Atef Fawaz, executive director of the organisation, spoke on Wednesday at a workshop themed “Digital innovations in public health practice: Lessons and impact”.

Fawaz said the delivery was facilitated through the logistic management information systems (LoMIS), an initiative of eHealth Africa.

LoMIS is a suite of offline-capable mobile and web applications “LoMIS stock” and “LoMIS deliver” which address challenges with the supply and distribution of health commodities.

The applications provide solutions to ensure the availability of health commodities, and effective vaccine management, and enable broader health system policy decisions through the use of real data for insight and execution at the community, state and national levels.

Fawaz said the vaccine delivery solution was developed to make sure no one is left unvaccinated due to logistical challenges.
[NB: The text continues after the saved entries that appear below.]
lemma convex_feas_graph:
  assumes cX: "convex (Xs s)" and cg: "\<And>i. i < ng s \<Longrightarrow> convex_on UNIV (\<lambda>(y, z). g s i y z \<xi>)"
  shows "convex {(y, z). z \<in> feas Xs g ng Ar Br bv nr s y \<xi>}"
proof (rule convexI)
  fix w1 w2 and u v :: real
  assume w: "w1 \<in> {(y, z). z \<in> feas Xs g ng Ar Br bv nr s y \<xi>}" "w2 \<in> {(y, z). z \<in> feas Xs g ng Ar Br bv nr s y \<xi>}"
    and uv: "0 \<le> u" "0 \<le> v" "u + v = 1"
  obtain y1 z1 y2 z2 where w12: "w1 = (y1, z1)" "w2 = (y2, z2)" by fastforce
  have z1: "z1 \<in> feas Xs g ng Ar Br bv nr s y1 \<xi>" and z2: "z2 \<in> feas Xs g ng Ar Br bv nr s y2 \<xi>"
    using w unfolding w12 by auto
  have "u *\<^sub>R z1 + v *\<^sub>R z2 \<in> Xs s"
    using z1 z2 uv by (intro convexD[OF cX]) (auto simp: feas_def)
  moreover have "g s i (u *\<^sub>R y1 + v *\<^sub>R y2) (u *\<^sub>R z1 + v *\<^sub>R z2) \<xi> \<le> 0" if i: "i < ng s" for i
  proof -
    have u: "u = 1 - v" using uv by simp
    have "(\<lambda>(y, z). g s i y z \<xi>) ((1 - v) *\<^sub>R (y1, z1) + v *\<^sub>R (y2, z2))
        \<le> (1 - v) * (\<lambda>(y, z). g s i y z \<xi>) (y1, z1) + v * (\<lambda>(y, z). g s i y z \<xi>) (y2, z2)"
      using uv by (intro convex_onD[OF cg[OF i]]) auto
    then have "(\<lambda>(y, z). g s i y z \<xi>) (u *\<^sub>R (y1, z1) + v *\<^sub>R (y2, z2))
        \<le> u * (\<lambda>(y, z). g s i y z \<xi>) (y1, z1) + v * (\<lambda>(y, z). g s i y z \<xi>) (y2, z2)"
      unfolding u .
    also have "\<dots> \<le> 0"
      using z1 z2 uv i by (auto simp: feas_def intro!: add_nonpos_nonpos mult_nonneg_nonpos)
    finally show ?thesis by simp
  qed
  moreover have "Ar s i \<xi> \<bullet> (u *\<^sub>R z1 + v *\<^sub>R z2) + Br s i \<xi> \<bullet> (u *\<^sub>R y1 + v *\<^sub>R y2) = bv s i \<xi>"
    if i: "i < nr s" for i
  proof -
    have "Ar s i \<xi> \<bullet> (u *\<^sub>R z1 + v *\<^sub>R z2) + Br s i \<xi> \<bullet> (u *\<^sub>R y1 + v *\<^sub>R y2)
      = u * (Ar s i \<xi> \<bullet> z1 + Br s i \<xi> \<bullet> y1) + v * (Ar s i \<xi> \<bullet> z2 + Br s i \<xi> \<bullet> y2)"
      by (simp add: inner_add_right algebra_simps)
    also have "\<dots> = bv s i \<xi>"
      using z1 z2 uv i by (simp add: feas_def flip: distrib_right)
    finally show ?thesis .
  qed
  ultimately show "u *\<^sub>R w1 + v *\<^sub>R w2 \<in> {(y, z). z \<in> feas Xs g ng Ar Br bv nr s y \<xi>}"
    unfolding w12 by (simp add: feas_def)
qed

lemma sigma_sets_determined:
  fixes X :: "'i \<Rightarrow> 'w \<Rightarrow> 'v::countable" and I :: "'i list"
  assumes determined: "\<And>\<omega> \<omega>'. (\<forall>i\<in>set I. X i \<omega> = X i \<omega>') \<Longrightarrow> P \<omega> = P \<omega>'"
    and generators: "\<And>i v. i \<in> set I \<Longrightarrow> X i -` {v} \<inter> \<Omega> \<in> G" and G: "G \<subseteq> Pow \<Omega>"
  shows "{\<omega> \<in> \<Omega>. P \<omega>} \<in> sigma_sets \<Omega> G"
proof -
  interpret S: sigma_algebra \<Omega> "sigma_sets \<Omega> G"
    using G by (rule sigma_algebra_sigma_sets)
  define vec where "vec \<omega> = map (\<lambda>i. X i \<omega>) I" for \<omega>
  have cylinder: "{\<omega> \<in> \<Omega>. map (\<lambda>i. X i \<omega>) L = l} \<in> sigma_sets \<Omega> G" if "set L \<subseteq> set I" for L l
    using that
  proof (induction L arbitrary: l)
    case Nil
    show ?case by (cases l) (auto intro: sigma_sets_top sigma_sets.Empty)
  next
    case (Cons i L)
    show ?case
    proof (cases l)
      case Nil
      then show ?thesis by (simp add: sigma_sets.Empty)
    next
      case (Cons v l')
      have "{\<omega> \<in> \<Omega>. map (\<lambda>i. X i \<omega>) (i # L) = l} = (X i -` {v} \<inter> \<Omega>) \<inter> {\<omega> \<in> \<Omega>. map (\<lambda>i. X i \<omega>) L = l'}"
        using Cons by auto
      moreover have "X i -` {v} \<inter> \<Omega> \<in> sigma_sets \<Omega> G"
        using Cons.prems generators by (intro sigma_sets.Basic) auto
      moreover have "{\<omega> \<in> \<Omega>. map (\<lambda>i. X i \<omega>) L = l'} \<in> sigma_sets \<Omega> G"
        using Cons.IH Cons.prems by auto
      ultimately show ?thesis by (simp add: S.Int)
    qed
  qed
  have "{\<omega> \<in> \<Omega>. P \<omega>} = (\<Union>l\<in>vec ` {\<omega> \<in> \<Omega>. P \<omega>}. {\<omega> \<in> \<Omega>. vec \<omega> = l})"
    using determined unfolding vec_def by (auto simp: map_eq_conv)
  also have "\<dots> \<in> sigma_sets \<Omega> G"
    using cylinder unfolding vec_def by (intro sigma_sets_UNION countable_image countableI_type) auto
  finally show ?thesis .
qed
“Most of our solutions are all driven by an analysis of the need of what the problem is,” he said.

“So we always try to identify a problem and work around solving it. We all know the challenges in the whole nation when it comes to logistics, especially in very remote areas.

“The solution was developed to make sure that vaccines can reach everywhere and at the same time focus a lot on accountability and transparency so everyone can see at what point the vaccines were picked from, and where they are delivered.

“It’s a full system that allows monitoring of stocks, request of new stocks, and making sure that vaccines are delivered to very remote areas.

“We have proved that by running the project in Kano, Bauchi, Zamfara and Sokoto. And we deliver to basically all the health facilities.

“The impact is, more than nine million doses of vaccines have been delivered, and this has never been done before.

“This has a direct impact on everyone’s health, especially children from zero to five who need to get their routine immunisation.”